Sort of a massively lagged reply, considering how long ago this was posted, but I thought it was interesting that I disagree with you on most of this
CoV was great, the game needed more ATs. I wasn't a fan of them strictly dividing the hero and villain games, but I think that was a Statesman/Cryptic decision, which would explain why I hated it
Going Rogue was even better, and absolutely needed. Getting rid of the silly and arbitrary distinction between hero and villain ATs was something that had been needed for a long long time. In fact, Paragon Studios kept continually knocking down the walls separating CoH and CoV, which was a very good decision to me.
Incarnates I can't comment on much, I had some level 50s but I had MASSIVE altitis... I only played on Virtue but I had purchased the maximum number of character slots, and had every last one of them filled, so I got a second account just so that I could keep creating new characters when the whim took me. So I spent a lot of time at low levels and not a lot at high levels. Plus I had gone one one of my many vacations from the game just before it went F2P, and when I got around to wanting to jump back in again, the game had just gone offline :/
Separate mission sets for ATs would have just made me angry. I was vehemently opposed to any content being restricted to a specific AT or origin. The type of character I want to play should NOT dictate what my story will be. Too samey? A huge part of the appeal to me was that it didn't matter what missions you did, the game was so different for every powerset, let alone each AT. The gameplay was so diverse.

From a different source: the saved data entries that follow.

lemma complex_rep_orbit_rep: "complex_rep G (card (orbit H \<phi> a)) (orbit_rep z f)"
  unfolding orbit_rep_def
proof (rule complex_rep_monomial[OF f])
  fix g b assume "g \<in> carrier G" "b \<in> orbit H \<phi> a"
  then show "\<phi> (snd g) b \<in> orbit H \<phi> a" using orbit_closed by auto
next
  fix g g' b assume "g \<in> carrier G" "g' \<in> carrier G" and b: "b \<in> orbit H \<phi> a"
  then obtain x h x' h' where gg': "g = (x, h)" "g' = (x', h')"
    and x: "x \<in> carrier C" "x' \<in> carrier C" and h: "h \<in> carrier H" "h' \<in> carrier H" by auto
  have bC: "b \<in> carrier C" and hb: "\<phi> h' b \<in> orbit H \<phi> a"
    using b orbit_subset_carrier orbit_closed[OF h(2) b] by auto
  have "character z (\<phi> h (\<phi> h' b)) (x \<otimes>\<^bsub>C\<^esub> \<phi> h x') =
      character z (\<phi> h (\<phi> h' b)) x * character z (\<phi> h (\<phi> h' b)) (\<phi> h x')"
    using character_mult[OF z orbit_closed[OF h(1) hb] x(1) action_closed[OF h(1) x(2)]] .
  also have "character z (\<phi> h (\<phi> h' b)) (\<phi> h x') = character z (\<phi> h' b) x'"
    using character_action[OF z h(1) hb x(2)] .
  finally show "\<phi> (snd (g \<otimes>\<^bsub>G\<^esub> g')) b = \<phi> (snd g) (\<phi> (snd g') b) \<and>
      character z (\<phi> (snd (g \<otimes>\<^bsub>G\<^esub> g')) b) (fst (g \<otimes>\<^bsub>G\<^esub> g')) =
      character z (\<phi> (snd g) (\<phi> (snd g') b)) (fst g) * character z (\<phi> (snd g') b) (fst g')"
    using gg' h bC by (simp add: composition_rule)
next
  fix b assume "b \<in> orbit H \<phi> a"
  then show "\<phi> (snd \<one>\<^bsub>G\<^esub>) b = b \<and> character z (\<phi> (snd \<one>\<^bsub>G\<^esub>) b) (fst \<one>\<^bsub>G\<^esub>) = 1"
    using orbit_subset_carrier character_one[OF z] by (auto simp: action_one)
qed

lemma inj_on_orbit_rep:
  assumes faithful: "inj_on \<phi> (carrier H)"
  shows "inj_on (orbit_rep z f) (carrier G)"
proof (rule inj_onI)
  fix g g' assume "g \<in> carrier G" "g' \<in> carrier G" and eq: "orbit_rep z f g = orbit_rep z f g'"
  then obtain x h x' h' where gg': "g = (x, h)" "g' = (x', h')"
    and x: "x \<in> carrier C" "x' \<in> carrier C" and h: "h \<in> carrier H" "h' \<in> carrier H" by auto
  have a_orbit: "a \<in> orbit H \<phi> a" using orbit_refl[OF generator] .
  note eq' = eq[unfolded orbit_rep_def gg' fst_conv snd_conv]
  have "\<phi> h' a = \<phi> h a" and "character z (\<phi> h' a) x' = character z (\<phi> h a) x"
    using monomial_mat_eqD[OF f a_orbit _ _ eq'] orbit_closed[OF h(1) a_orbit] character_nonzero[OF z]
    by simp_all
  moreover have "h = h'"
    using action_eq_if_eq_on_generator[OF h] inj_onD[OF faithful _ h] calculation(1) by metis
  ultimately have "x = x'"
    using character_inj[OF z orbit_closed[OF h(1) a_orbit] x] by simp
  with \<open>h = h'\<close> show "g = g'" using gg' by simp
qed

end

lemma ex_faithful_rep_card_orbit:
  assumes "inj_on \<phi> (carrier H)"
  shows "\<exists>\<rho>. faithful_complex_rep G (card (orbit H \<phi> a)) \<rho>"
proof -
  obtain z :: complex where z: "primitive_root_of_unity (C.ord a) z"
    using ex_primitive_root_of_unity[OF ord_generator_pos] by blast
  obtain f where f: "bij_betw f {0..<card (orbit H \<phi> a)} (orbit H \<phi> a)"
    using ex_bij_betw_nat_finite[OF finite_orbit] by blast
  show ?thesis
    using complex_rep_orbit_rep[OF z f] inj_on_orbit_rep[OF z f assms]
    unfolding faithful_complex_rep_def by blast
qed

lemma eigenvalue_pow_of_orbit_element:
  assumes rep: "complex_rep G d \<rho>" and ev: "eigenvalue (\<rho> (a, \<one>\<^bsub>H\<^esub>)) \<mu>"
    and b: "b \<in> orbit H \<phi> a" and k: "b = a [^]\<^bsub>C\<^esub> (k::nat)"
  shows "eigenvalue (\<rho> (a, \<one>\<^bsub>H\<^esub>)) (\<mu> ^ k)"
proof -
  obtain h where h: "h \<in> carrier H" and "b = \<phi> h a"
    using b unfolding orbit_def by blast
  have h_inv: "inv\<^bsub>H\<^esub> h \<in> carrier H" using h by simp
  have "(a, \<one>\<^bsub>H\<^esub>) \<otimes>\<^bsub>G\<^esub> (\<one>\<^bsub>C\<^esub>, inv\<^bsub>H\<^esub> h) = (a, inv\<^bsub>H\<^esub> h)"
    using generator h_inv by (simp add: action_one)
  also have "\<dots> = (\<one>\<^bsub>C\<^esub>, inv\<^bsub>H\<^esub> h) \<otimes>\<^bsub>G\<^esub> (a, \<one>\<^bsub>H\<^esub>) [^]\<^bsub>G\<^esub> k"
    using orbit_sym_aux[OF h generator] \<open>b = \<phi> h a\<close> k generator h_inv
    by (simp add: semidirect_pow_left action_closed)
  finally have conj: "(a, \<one>\<^bsub>H\<^esub>) \<otimes>\<^bsub>G\<^esub> (\<one>\<^bsub>C\<^esub>, inv\<^bsub>H\<^esub> h) =
      (\<one>\<^bsub>C\<^esub>, inv\<^bsub>H\<^esub> h) \<otimes>\<^bsub>G\<^esub> (a, \<one>\<^bsub>H\<^esub>) [^]\<^bsub>G\<^esub> k" .
  have inv: "(\<one>\<^bsub>C\<^esub>, h) \<otimes>\<^bsub>G\<^esub> (\<one>\<^bsub>C\<^esub>, inv\<^bsub>H\<^esub> h) = \<one>\<^bsub>G\<^esub>"
    using h by (simp add: action_hom_one)
  show ?thesis
    using complex_rep_eigenvalue_pow[OF semidirect_monoid rep _ _ _ inv conj ev] generator h h_inv
    by simp
qed

lemma ex_primitive_eigenvalue_generator:
  assumes p: "Factorial_Ring.prime p" and ord: "C.ord a = p ^ Suc k"
    and faithful: "faithful_complex_rep G d \<rho>"
  shows "\<exists>\<mu>. eigenvalue (\<rho> (a, \<one>\<^bsub>H\<^esub>)) \<mu> \<and> primitive_root_of_unity (C.ord a) \<mu>"
proof -
  have rep: "complex_rep G d \<rho>" and inj: "inj_on \<rho> (carrier G)"
    using faithful unfolding faithful_complex_rep_def by auto
  let ?A = "\<rho> (a, \<one>\<^bsub>H\<^esub>)"
  have A: "?A \<in> carrier_mat d d" using rep generator unfolding complex_rep_def by simp
  have pow: "\<rho> (c, \<one>\<^bsub>H\<^esub>) ^\<^sub>m j = \<rho> (c [^]\<^bsub>C\<^esub> j, \<one>\<^bsub>H\<^esub>)" if "c \<in> carrier C" for c j
    using complex_rep_pow[OF semidirect_monoid rep, of "(c, \<one>\<^bsub>H\<^esub>)" j]
      semidirect_pow_left[OF that, of j] that by simp
  have A_pow_eq_1: "?A ^\<^sub>m j = 1\<^sub>m d \<longleftrightarrow> p ^ Suc k dvd j" for j
  proof -
    have "?A ^\<^sub>m j = 1\<^sub>m d \<longleftrightarrow> \<rho> (a [^]\<^bsub>C\<^esub> j, \<one>\<^bsub>H\<^esub>) = \<rho> (\<one>\<^bsub>C\<^esub>, \<one>\<^bsub>H\<^esub>)"
      using pow[OF generator] rep unfolding complex_rep_def by simp
    also have "\<dots> \<longleftrightarrow> a [^]\<^bsub>C\<^esub> j = \<one>\<^bsub>C\<^esub>"
      using inj_on_eq_iff[OF inj] generator by simp
    also have "\<dots> \<longleftrightarrow> p ^ Suc k dvd j"
      using C.pow_eq_id[OF generator] ord by simp
    finally show ?thesis .
  qed
  have "(?A ^\<^sub>m (p ^ k)) ^\<^sub>m p = ?A ^\<^sub>m (p ^ k * p)"
    using pow generator by (simp add: C.nat_pow_pow)
  then have period: "(?A ^\<^sub>m (p ^ k)) ^\<^sub>m p = 1\<^sub>m d"
    using A_pow_eq_1 by (simp add: power_Suc2)
  have "\<not> p ^ Suc k dvd p ^ k"
    using power_dvd_imp_le[OF _ prime_gt_1_nat[OF p]] by fastforce
  then have nontrivial: "?A ^\<^sub>m (p ^ k) \<noteq> 1\<^sub>m d"
    using A_pow_eq_1 by blast
  show ?thesis
    using ex_primitive_eigenvalue[OF p A period nontrivial] ord by simp
qed

lemma card_orbit_le_faithful_dim:
  assumes p: "Factorial_Ring.prime p" and ord: "C.ord a = p ^ Suc k"
    and faithful: "faithful_complex_rep G d \<rho>"
  shows "card (orbit H \<phi> a) \<le> d"
proof -
  have rep: "complex_rep G d \<rho>"
    using faithful unfolding faithful_complex_rep_def by auto
  let ?A = "\<rho> (a, \<one>\<^bsub>H\<^esub>)"
  have A: "?A \<in> carrier_mat d d" using rep generator unfolding complex_rep_def by simp
  obtain \<mu> where ev: "eigenvalue ?A \<mu>" and \<mu>: "primitive_root_of_unity (C.ord a) \<mu>"
    using ex_primitive_eigenvalue_generator[OF p ord faithful] by blast
  have "eigenvalue ?A (character \<mu> a b)" if b: "b \<in> orbit H \<phi> a" for b
  proof -
    obtain j :: nat where j: "b = a [^]\<^bsub>C\<^esub> j"
      using powers_of_generator b orbit_subset_carrier by blast
    then show ?thesis
      using eigenvalue_pow_of_orbit_element[OF rep ev b j] character_pow[OF \<mu> orbit_refl[OF generator]]
      by simp
  qed
  then have "character \<mu> a ` orbit H \<phi> a \<subseteq> spectrum ?A"
    unfolding spectrum_def by blast
  moreover have "inj_on (character \<mu> a) (orbit H \<phi> a)"
    using character_inj[OF \<mu> orbit_refl[OF generator]] orbit_subset_carrier
    by (meson inj_onI subsetD)
  ultimately have "card (orbit H \<phi> a) \<le> card (spectrum ?A)"
    using card_inj_on_le[OF _ _ card_finite_spectrum(1)[OF A]] by blast
  also have "\<dots> \<le> d" using card_finite_spectrum(2)[OF A] .
  finally show ?thesis .
qed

In the end... I liked the game when it first released. I liked it less and less with every change Cryptic made to it. And then found myself liking it more and more after they thankfully left to build Crapions Online and Positron got put in charge of it. Pretty much everything they did after that was massive win to me. It just seemed like Jack/Cryptic wanted CoH to be like EQ or DAoC and were peeved that it got played totally differently when the players got a hold of it. Constant nerfs and changes that all seemed aimed at slowing you down and forcing you to fight fewer enemies at once when the joy of the game was that you were a SUPERHERO who could stand in the midst of 10 mobs and smash them all, not like EQ/DAoC where you were forced to cower and carefully pull one enemy at a time lest you die horribly.
Positron's team continually buffed the players, and offered conveniences and things that made the game faster, easier and less frustrating to level and gear up, and just generally brought back the feeling of being "super" for me.